(* For every integer $n\ge1$ there exist a constant $C_n>0$ and measures $\mu_{nk}$, $1\le k\le n$, on $\Delta_n$ depending on parameters $w_1,\dots,w_n\in\mathbb{C}$ such that $\int_{t\in\Delta_n}|d\mu_{nk}|\le C_n$ and the following identity holds: $$\langle (w-w_1)\cdots(w-w_n)\rangle=\sum_{k=1}^n\int_{t\in\Delta_n}\langle w-t_1w_1-\dots-t_nw_n\rangle^k\,d\mu_{nk}(w_1,\dots,w_n,t).$$
   Context: For $w\in\mathbb{C}\setminus\{0\}$, $\langle w\rangle:=\overline w/w$ denotes the phase function. $\Delta_n=\{t=(t_1,\dots,t_n): t_j\ge0,\ \sum_j t_j=1\}$ is the standard $(n-1)$-simplex. $|d\mu|$ denotes the total variation of a (signed/complex) measure. *)

theory Defs
  imports "HOL-Analysis.Analysis"
begin

text \<open>Phase function of a complex number: conj(w)/w. (In HOL, division by 0 gives 0,
  so phase 0 = 0; this value is only relevant on the exceptional set.)\<close>
definition phase :: "complex \<Rightarrow> complex" where
  "phase w = cnj w / w"

definition std_simplex :: "(real ^ 'n) set" where
  "std_simplex = {t. (\<forall>i. 0 \<le> t $ i) \<and> (\<Sum>i\<in>UNIV. t $ i) = 1}"

text \<open>A complex measure on a Borel set S of R^n, represented as h d\<nu> with \<nu> a finite
  positive Borel measure concentrated on S and h an \<nu>-integrable complex density.
  Every complex Borel measure has this form (e.g. polar decomposition).\<close>
type_synonym 'n cmeasure = "(real ^ 'n) measure \<times> (real ^ 'n \<Rightarrow> complex)"

definition is_cmeasure_on :: "(real ^ 'n) set \<Rightarrow> 'n cmeasure \<Rightarrow> bool" where
  "is_cmeasure_on S \<mu> \<longleftrightarrow>
     finite_measure (fst \<mu>) \<and> sets (fst \<mu>) = sets borel \<and>
     integrable (fst \<mu>) (snd \<mu>) \<and> emeasure (fst \<mu>) (UNIV - S) = 0"

definition cm_total_var :: "'n cmeasure \<Rightarrow> real" where
  "cm_total_var \<mu> = (\<integral>t. cmod (snd \<mu> t) \<partial>(fst \<mu>))"

definition cm_integral :: "'n cmeasure \<Rightarrow> (real ^ 'n \<Rightarrow> complex) \<Rightarrow> complex" where
  "cm_integral \<mu> g = (\<integral>t. g t * snd \<mu> t \<partial>(fst \<mu>))"

end

theory Submission
  imports Defs
begin

text \<open>Induction on the number of factors. On the segment \<open>x s = z - ((1 - s) W + s P)\<close> one has
  \<open>phase (x s) - \<rho> = c / x s\<close> with \<open>\<rho> = phase (W - P)\<close> and \<open>c\<close> independent of \<open>s\<close>, so
  \<open>a s^(a-1) (phase (x s) - \<rho>)^(a+1)\<close> is an exact derivative with integral
  \<open>(phase (z - P) - \<rho>)^a (phase (z - W) - \<rho>)\<close> over \<open>[0, 1]\<close>. Expanding binomially around \<open>\<rho>\<close>,
  \<open>phase (z - P)^k phase (z - W)\<close> becomes an integral along the segment of a polynomial in
  \<open>phase (x s)\<close> with uniformly bounded coefficients. Taking \<open>W = w\<^sub>i\<close> and \<open>P = \<Sum> t\<^sub>j w\<^sub>j\<close> for \<open>t\<close> in
  the simplex, the segment stays in the simplex (it ends at a vertex), so integrating against a
  representation of the product over the other factors yields one for the enlarged product; the
  resulting measure on (simplex) \<open>\<times>\<close> \<open>[0, 3]\<close> is pushed forward to the simplex via Radon-Nikodym
  derivatives.\<close>

lemma borel_measurable_phase [measurable (raw)]:
  assumes "g \<in> borel_measurable M"
  shows "(\<lambda>x. phase (g x)) \<in> borel_measurable M"
proof -
  have "phase \<in> borel_measurable borel"
    unfolding phase_def[abs_def]
    by (intro borel_measurable_divide borel_measurable_continuous_onI continuous_intros)
  from measurable_compose[OF assms this] show ?thesis .
qed

lemma norm_phase_le: "cmod (phase x) \<le> 1"
  by (cases "x = 0") (auto simp: phase_def norm_divide)

lemma norm_phase_power_le: "cmod (phase x ^ m) \<le> 1"
  by (simp add: norm_power power_le_one norm_phase_le)

lemma phase_mult: "phase (a * b) = phase a * phase b"
  by (simp add: phase_def)

lemma phase_1 [simp]: "phase 1 = 1"
  by (simp add: phase_def)

lemma phase_prod: "phase (\<Prod>j\<in>A. f j) = (\<Prod>j\<in>A. phase (f j))"
  by (induction A rule: infinite_finite_induct) (simp_all add: phase_mult)

text \<open>Along the line \<open>x s = z - ((1 - s) W + s P)\<close> the quantity \<open>cnj x - phase (W - P) x\<close>
  is constant, so \<open>phase (x s) - phase (W - P)\<close> is a constant divided by \<open>x s\<close>.\<close>

lemma phase_segment_diff:
  fixes z W P :: complex and s :: real
  defines "x \<equiv> z - ((1 - of_real s) * W + of_real s * P)"
  assumes "x \<noteq> 0"
  shows "phase x - phase (W - P) = (cnj (z - W) - phase (W - P) * (z - W)) / x"
proof -
  have "cnj (W - P) - phase (W - P) * (W - P) = 0"
    by (cases "W - P = 0") (auto simp: phase_def)
  moreover have "cnj x - phase (W - P) * x = (cnj (z - W) - phase (W - P) * (z - W))
      + of_real s * (cnj (W - P) - phase (W - P) * (W - P))"
    unfolding x_def by (simp add: algebra_simps)
  ultimately show ?thesis
    using assms(2) by (simp add: phase_def field_simps)
qed

lemma has_integral_phase_segment_power_nonvanishing:
  fixes z W P :: complex and a :: nat
  assumes a: "1 \<le> a" and zW: "z \<noteq> W"
  defines "x \<equiv> \<lambda>s::real. z - ((1 - of_real s) * W + of_real s * P)"
  defines "\<rho> \<equiv> phase (W - P)"
  assumes x: "\<And>s. s \<in> {0..1} \<Longrightarrow> x s \<noteq> 0"
  shows "((\<lambda>s. of_nat a * of_real s ^ (a - 1) * (phase (x s) - \<rho>) ^ (a + 1)) has_integral
          (phase (x 1) - \<rho>) ^ a * (phase (x 0) - \<rho>)) {0..1}"
proof -
  obtain b where ab: "a = Suc b" using a by (cases a) auto
  define c where "c = cnj (z - W) - \<rho> * (z - W)"
  have diff: "phase (x s) - \<rho> = c / x s" if "s \<in> {0..1}" for s
    using phase_segment_diff[of z s W P] x[OF that] unfolding x_def c_def \<rho>_def by auto
  define X where "X = (\<lambda>u::complex. z - ((1 - u) * W + u * P))"
  have Xx: "X (of_real s) = x s" for s by (simp add: X_def x_def)
  text \<open>An antiderivative of \<open>a s^(a-1) (c / x s)^(a+1)\<close>, using \<open>(s / x s)' = (z - W) / (x s)^2\<close>.\<close>
  define G where "G = (\<lambda>u::complex. c ^ (a + 1) * (u / X u) ^ a / (z - W))"
  have G': "((\<lambda>s. G (of_real s)) has_vector_derivative
            (of_nat a * of_real s ^ (a - 1) * (c / x s) ^ (a + 1))) (at s within {0..1})"
    if s: "s \<in> {0..1}" for s
  proof -
    have xs: "x s \<noteq> 0" using x s by auto
    have "((\<lambda>u. u / X u) has_field_derivative (z - W) / (X (of_real s))\<^sup>2) (at (of_real s))"
      using xs unfolding Xx[symmetric]
      by (auto intro!: derivative_eq_intros simp: X_def field_simps power2_eq_square)
    then have "(G has_field_derivative c ^ (a + 1) * (of_nat a * ((z - W) / (X (of_real s))\<^sup>2
        * (of_real s / X (of_real s)) ^ (a - Suc 0))) / (z - W)) (at (of_real s))"
      unfolding G_def by (intro DERIV_cdivide DERIV_cmult DERIV_power)
    moreover have "c ^ (a + 1) * (of_nat a * ((z - W) / (X (of_real s))\<^sup>2
        * (of_real s / X (of_real s)) ^ (a - Suc 0))) / (z - W)
        = of_nat a * of_real s ^ (a - 1) * (c / x s) ^ (a + 1)"
      using xs zW unfolding Xx ab by (simp add: power_divide field_simps power2_eq_square)
    ultimately show ?thesis by (intro has_vector_derivative_real_field) simp
  qed
  have FTC: "((\<lambda>s. of_nat a * of_real s ^ (a - 1) * (c / x s) ^ (a + 1)) has_integral
          G 1 - G 0) {0..1}"
    using fundamental_theorem_of_calculus[of 0 1, OF _ G'] by simp
  have "G 1 - G 0 = (c / x 1) ^ a * (c / x 0)"
    using zW unfolding G_def ab by (simp add: X_def x_def power_divide field_simps)
  also have "\<dots> = (phase (x 1) - \<rho>) ^ a * (phase (x 0) - \<rho>)"
    using diff[of 0] diff[of 1] by simp
  finally have G10: "G 1 - G 0 = (phase (x 1) - \<rho>) ^ a * (phase (x 0) - \<rho>)" .
  show ?thesis
    using FTC unfolding G10 by (rule has_integral_spike_finite[OF finite.emptyI, rotated]) (simp add: diff)
qed

text \<open>If the line through \<open>W\<close> and \<open>P\<close> contains \<open>z\<close>, the constant \<open>c\<close> above vanishes.\<close>

lemma phase_segment_through_point:
  fixes z W P :: complex and s s0 :: real
  defines "x \<equiv> \<lambda>s::real. z - ((1 - of_real s) * W + of_real s * P)"
  assumes zW: "z \<noteq> W" and s0: "x s0 = 0" and s: "s \<noteq> s0"
  shows "phase (x s) = phase (W - P)"
proof -
  define \<rho> where "\<rho> = phase (W - P)"
  have WP: "W \<noteq> P" using s0 zW by (auto simp: x_def algebra_simps)
  have "cnj (W - P) - \<rho> * (W - P) = 0" using WP by (simp add: \<rho>_def phase_def)
  moreover have "cnj (x s0) - \<rho> * x s0
      = (cnj (z - W) - \<rho> * (z - W)) + of_real s0 * (cnj (W - P) - \<rho> * (W - P))"
    unfolding x_def by (simp add: algebra_simps)
  ultimately have c0: "cnj (z - W) - \<rho> * (z - W) = 0"
    using s0 by simp
  have "x s - x s0 = of_real (s - s0) * (W - P)" by (simp add: x_def algebra_simps)
  then have "x s \<noteq> 0" using s WP s0 by simp
  then show ?thesis using phase_segment_diff[of z s W P] c0 unfolding x_def \<rho>_def by simp
qed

★ ★ ★ ★ ★ ★ ★

Assignment:
Return only the number of lines above that include "noteq".

Response to this task:
7